Sorry if this is going to be a repetitive question..

I am a US Citizen. My UK boyfriend and I met 2.5 years ago working in Tokyo. We both decided to leave our jobs in Japan to try to move to the UK. He found a job in the UK, and I found it extremely difficult to find a job there without any sort of company sponsorship. Therefore I have moved back to the US to work. 

Since we still intend on being together... 

1) If we decide not to get married, how difficult will it be for him to obtain a work visa? He works in a small finance firm based in the UK with offices in the US but after speaking to his managers, they will not be able to sponsor him. He works as an operational analyst, would he be eligible for an H1B visa?

2) If we were to get married, how would that work? Would we need to apply for a K1 visa in order to get married? Or, can we simply get married in the US and then apply for the CR1? According to this website getting a CR1 could take about 11 months. (Comparison of Marriage Based Immigration Choices)

Thanks for your help in advance.


----------



## Davis1 (Feb 20, 2009)

Unless he has a Master his employment chances in the US are low
and this year visas are used up anyway

for a fiancee visa 
K1 Process Flowchart

US Citizen can apply for a special visa to allow a non-citizen (their fiancée) to enter the country in order to get married to a US citizen inside the US.

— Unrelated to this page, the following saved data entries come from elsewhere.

(* Fix a treatment group $d$, a control group $d'>d$, and a pre-treatment age $a<d-1$. Suppose the No Anticipation assumption holds for both genders $g\in\{f,m\}$ and both groups $d$ and $d'$. Then $$\delta_\theta(f,d,d',a)=\delta_\theta(m,d,d',a)\quad\Longleftrightarrow\quad\frac{\gamma_{\mathrm{PT}}(f,d,d',a)}{APO(f,d,\infty,a)}=\frac{\gamma_{\mathrm{PT}}(m,d,d',a)}{APO(m,d,\infty,a)}.$$
   Context: Population of individuals with gender $G\in\{f,m\}$ and age at first childbirth $D$ (with $D=\infty$ meaning never). For each age $a$ and each (possibly counterfactual) first-birth age $d'\in\mathbb{N}\cup\{\infty\}$ there is a potential outcome (earnings) $Y_a(d')$; observed earnings satisfy consistency $Y_a=Y_a(D)$. Define $APO(g,d,d',a)=\mathbb{E}[Y_a(d')\mid G=g,D=d]$. Descriptive quantities: $\delta_{\mathrm{APO}}(g,d,d',a)=\mathbb{E}[Y_{d-1}\mid G=g,D=d]+\mathbb{E}[Y_a-Y_{d-1}\mid G=g,D=d']$, $\delta_{\mathrm{ATE}}(g,d,d',a)=\mathbb{E}[Y_a\mid G=g,D=d]-\delta_{\mathrm{APO}}(g,d,d',a)$, $\delta_\theta(g,d,d',a)=\delta_{\mathrm{ATE}}(g,d,d',a)/\delta_{\mathrm{APO}}(g,d,d',a)$. Parallel-trends violation: $\gamma_{\mathrm{PT}}(g,d,d',a)=APO(g,d,\infty,a)-APO(g,d,\infty,d-1)-[APO(g,d',\infty,a)-APO(g,d',\infty,d-1)]$. No Anticipation for gender $g$ and group $d$: $APO(g,d,d,b)=APO(g,d,\infty,b)$ for every age $b<d$. All denominators appearing are assumed nonzero. *)

theory Defs
  imports "HOL-Probability.Probability" "HOL-Library.Extended_Nat"
begin

datatype gender = Female | Male

text \<open>Population: a probability space M; G :: gender, D :: first-birth age in enat
  (infinity = never); Y a d' = potential earnings at age a under first-birth age d';
  Yo a = observed earnings at age a.\<close>

definition grp :: "'w measure \<Rightarrow> ('w \<Rightarrow> gender) \<Rightarrow> ('w \<Rightarrow> enat) \<Rightarrow> gender \<Rightarrow> enat \<Rightarrow> 'w set" where
  "grp M G D g d = {w \<in> space M. G w = g \<and> D w = d}"

definition cexp :: "'w measure \<Rightarrow> ('w \<Rightarrow> real) \<Rightarrow> 'w set \<Rightarrow> real" where
  "cexp M X A = (LINT w:A|M. X w) / measure M A"

definition APO :: "'w measure \<Rightarrow> ('w \<Rightarrow> gender) \<Rightarrow> ('w \<Rightarrow> enat) \<Rightarrow> (nat \<Rightarrow> enat \<Rightarrow> 'w \<Rightarrow> real)
    \<Rightarrow> gender \<Rightarrow> enat \<Rightarrow> enat \<Rightarrow> nat \<Rightarrow> real" where
  "APO M G D Y g d d' a = cexp M (Y a d') (grp M G D g d)"

definition delta_APO :: "'w measure \<Rightarrow> ('w \<Rightarrow> gender) \<Rightarrow> ('w \<Rightarrow> enat) \<Rightarrow> (nat \<Rightarrow> 'w \<Rightarrow> real)
    \<Rightarrow> gender \<Rightarrow> nat \<Rightarrow> enat \<Rightarrow> nat \<Rightarrow> real" where
  "delta_APO M G D Yo g d d' a =
     cexp M (Yo (d - 1)) (grp M G D g (enat d))
     + cexp M (\<lambda>w. Yo a w - Yo (d - 1) w) (grp M G D g d')"

definition delta_ATE :: "'w measure \<Rightarrow> ('w \<Rightarrow> gender) \<Rightarrow> ('w \<Rightarrow> enat) \<Rightarrow> (nat \<Rightarrow> 'w \<Rightarrow> real)
    \<Rightarrow> gender \<Rightarrow> nat \<Rightarrow> enat \<Rightarrow> nat \<Rightarrow> real" where
  "delta_ATE M G D Yo g d d' a =
     cexp M (Yo a) (grp M G D g (enat d)) - delta_APO M G D Yo g d d' a"

definition delta_theta :: "'w measure \<Rightarrow> ('w \<Rightarrow> gender) \<Rightarrow> ('w \<Rightarrow> enat) \<Rightarrow> (nat \<Rightarrow> 'w \<Rightarrow> real)
    \<Rightarrow> gender \<Rightarrow> nat \<Rightarrow> enat \<Rightarrow> nat \<Rightarrow> real" where
  "delta_theta M G D Yo g d d' a =
     delta_ATE M G D Yo g d d' a / delta_APO M G D Yo g d d' a"

definition gamma_PT :: "'w measure \<Rightarrow> ('w \<Rightarrow> gender) \<Rightarrow> ('w \<Rightarrow> enat) \<Rightarrow> (nat \<Rightarrow> enat \<Rightarrow> 'w \<Rightarrow> real)
    \<Rightarrow> gender \<Rightarrow> nat \<Rightarrow> enat \<Rightarrow> nat \<Rightarrow> real" where
  "gamma_PT M G D Y g d d' a =
     APO M G D Y g (enat d) \<infinity> a - APO M G D Y g (enat d) \<infinity> (d - 1)
     - (APO M G D Y g d' \<infinity> a - APO M G D Y g d' \<infinity> (d - 1))"

definition no_anticipation :: "'w measure \<Rightarrow> ('w \<Rightarrow> gender) \<Rightarrow> ('w \<Rightarrow> enat) \<Rightarrow> (nat \<Rightarrow> enat \<Rightarrow> 'w \<Rightarrow> real)
    \<Rightarrow> gender \<Rightarrow> enat \<Rightarrow> bool" where
  "no_anticipation M G D Y g d \<longleftrightarrow>
     (\<forall>b::nat. enat b < d \<longrightarrow> APO M G D Y g d d b = APO M G D Y g d \<infinity> b)"

end

theory Submission
  imports Defs
begin

text \<open>Under No Anticipation the observed pre-birth earnings of both groups are their untreated
  potential earnings, so \<open>\<delta>\<^sub>A\<^sub>P\<^sub>O = APO(g,d,\<infinity>,a) - \<gamma>\<^sub>P\<^sub>T\<close> and \<open>\<delta>\<^sub>A\<^sub>T\<^sub>E = \<gamma>\<^sub>P\<^sub>T\<close>.
  Hence \<open>\<delta>\<^sub>\<theta> = \<rho> / (1 - \<rho>)\<close> with \<open>\<rho> = \<gamma>\<^sub>P\<^sub>T / APO(g,d,\<infinity>,a)\<close>, and the odds map
  \<open>\<rho> \<mapsto> \<rho> / (1 - \<rho>)\<close> is injective.\<close>

lemma cexp_cong:
  assumes "A \<in> sets M" and "\<And>w. w \<in> A \<Longrightarrow> X w = Z w"
  shows "cexp M X A = cexp M Z A"
  unfolding cexp_def using assms by (simp add: set_lebesgue_integral_cong)

lemma cexp_diff:
  assumes "A \<in> sets M" and "integrable M X" and "integrable M Z"
  shows "cexp M (\<lambda>w. X w - Z w) A = cexp M X A - cexp M Z A"
proof -
  have "set_integrable M A X" "set_integrable M A Z"
    using assms integrable_mult_indicator[of A M X] integrable_mult_indicator[of A M Z]
    by (simp_all add: set_integrable_def)
  then show ?thesis
    unfolding cexp_def by (simp add: set_integral_diff diff_divide_distrib)
qed

lemma no_anticipationD:
  assumes "no_anticipation M G D Y g e" and "enat b < e"
  shows "APO M G D Y g e e b = APO M G D Y g e \<infinity> b"
  using assms unfolding no_anticipation_def by blast

lemma odds_eq_iff:
  fixes x y :: real
  assumes "x \<noteq> 1" and "y \<noteq> 1"
  shows "x / (1 - x) = y / (1 - y) \<longleftrightarrow> x = y"
  using assms by (auto simp: field_simps)

locale potential_outcomes =
  fixes M :: "'w measure" and G :: "'w \<Rightarrow> gender" and D :: "'w \<Rightarrow> enat"
    and Y :: "nat \<Rightarrow> enat \<Rightarrow> 'w \<Rightarrow> real" and Yo :: "nat \<Rightarrow> 'w \<Rightarrow> real"
  assumes G_measurable: "G \<in> M \<rightarrow>\<^sub>M count_space UNIV"
    and D_measurable: "D \<in> M \<rightarrow>\<^sub>M count_space UNIV"
    and integrable_Y: "\<And>b e. integrable M (Y b e)"
    and consistency: "\<And>b w. w \<in> space M \<Longrightarrow> Yo b w = Y b (D w) w"
begin

lemma grp_in_sets: "grp M G D g e \<in> sets M"
  unfolding grp_def using G_measurable D_measurable by measurable

lemma cexp_observed: "cexp M (Yo b) (grp M G D g e) = APO M G D Y g e e b"
  unfolding APO_def by (rule cexp_cong[OF grp_in_sets]) (simp add: grp_def consistency)

lemma cexp_observed_diff:
  "cexp M (\<lambda>w. Yo b w - Yo c w) (grp M G D g e) = APO M G D Y g e e b - APO M G D Y g e e c"
proof -
  have "cexp M (\<lambda>w. Yo b w - Yo c w) (grp M G D g e)
      = cexp M (\<lambda>w. Y b e w - Y c e w) (grp M G D g e)"
    by (rule cexp_cong[OF grp_in_sets]) (simp add: grp_def consistency)
  also have "\<dots> = APO M G D Y g e e b - APO M G D Y g e e c"
    unfolding APO_def by (rule cexp_diff[OF grp_in_sets integrable_Y integrable_Y])
  finally show ?thesis .
qed

context
  fixes g :: gender and d :: nat and d' :: enat and a :: nat
  assumes no_anticipation_d: "no_anticipation M G D Y g (enat d)"
    and no_anticipation_d': "no_anticipation M G D Y g d'"
    and control_later: "enat d < d'"
    and a_pre_birth: "a < d" and d_pos: "0 < d"
begin

lemma untreated_before_d:
  assumes "b < d"
  shows "APO M G D Y g (enat d) (enat d) b = APO M G D Y g (enat d) \<infinity> b"
    and "APO M G D Y g d' d' b = APO M G D Y g d' \<infinity> b"
proof -
  show "APO M G D Y g (enat d) (enat d) b = APO M G D Y g (enat d) \<infinity> b"
    using no_anticipationD[OF no_anticipation_d] assms by simp
  have "enat b < d'"
    using assms control_later by (meson enat_ord_simps(2) order.strict_trans)
  then show "APO M G D Y g d' d' b = APO M G D Y g d' \<infinity> b"
    using no_anticipationD[OF no_anticipation_d'] by blast
qed

lemma delta_APO_eq_APO_minus_gamma_PT:
  "delta_APO M G D Yo g d d' a = APO M G D Y g (enat d) \<infinity> a - gamma_PT M G D Y g d d' a"
  using a_pre_birth d_pos
  by (simp add: delta_APO_def gamma_PT_def cexp_observed cexp_observed_diff untreated_before_d)

lemma delta_ATE_eq_gamma_PT: "delta_ATE M G D Yo g d d' a = gamma_PT M G D Y g d d' a"
  using a_pre_birth
  by (simp add: delta_ATE_def delta_APO_eq_APO_minus_gamma_PT cexp_observed untreated_before_d)

lemma delta_theta_eq_odds:
  assumes "delta_APO M G D Yo g d d' a \<noteq> 0" and "APO M G D Y g (enat d) \<infinity> a \<noteq> 0"
  defines "\<rho> \<equiv> gamma_PT M G D Y g d d' a / APO M G D Y g (enat d) \<infinity> a"
  shows "delta_theta M G D Yo g d d' a = \<rho> / (1 - \<rho>)" and "\<rho> \<noteq> 1"
  using assms
  by (auto simp: delta_theta_def delta_ATE_eq_gamma_PT delta_APO_eq_APO_minus_gamma_PT
      field_simps)

end

end

theorem proposition1:
  fixes M :: "'w measure" and G :: "'w \<Rightarrow> gender" and D :: "'w \<Rightarrow> enat"
    and Y :: "nat \<Rightarrow> enat \<Rightarrow> 'w \<Rightarrow> real" and Yo :: "nat \<Rightarrow> 'w \<Rightarrow> real"
    and d :: nat and d' :: enat and a :: nat
  assumes "prob_space M"
    and "G \<in> M \<rightarrow>\<^sub>M count_space UNIV" and "D \<in> M \<rightarrow>\<^sub>M count_space UNIV"
    and "\<And>b e. integrable M (Y b e)"
    and consistency: "\<And>b w. w \<in> space M \<Longrightarrow> Yo b w = Y b (D w) w"
    and "\<And>g. measure M (grp M G D g (enat d)) > 0"
    and "\<And>g. measure M (grp M G D g d') > 0"
    and "enat d < d'" and "a < d - 1"
    and "\<And>g. no_anticipation M G D Y g (enat d)"
    and "\<And>g. no_anticipation M G D Y g d'"
    and "\<And>g. delta_APO M G D Yo g d d' a \<noteq> 0"
    and "\<And>g. APO M G D Y g (enat d) \<infinity> a \<noteq> 0"
  shows "delta_theta M G D Yo Female d d' a = delta_theta M G D Yo Male d d' a
     \<longleftrightarrow> gamma_PT M G D Y Female d d' a / APO M G D Y Female (enat d) \<infinity> a
       = gamma_PT M G D Y Male d d' a / APO M G D Y Male (enat d) \<infinity> a"
proof -
  interpret potential_outcomes M G D Y Yo
    using assms(2-5) by unfold_locales
  have "a < d" "0 < d"
    using \<open>a < d - 1\<close> by simp_all
  note odds = delta_theta_eq_odds[OF assms(10,11,8) \<open>a < d\<close> \<open>0 < d\<close> assms(12,13)]
  show ?thesis
    using odds[of Female] odds[of Male] odds_eq_iff by metis
qed

end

Once issued, the K1 visa will allow the non-citizen to enter the United States legally, for 90 days in order for the marriage ceremony to take place. Once you marry, the non-citizen can remain in the US and may apply for permanent residence. While USCIS processes the application, the non-citizen can remain in the US legally
The US citizen income must meet the require minimum to fulfill the affidavit of support


----------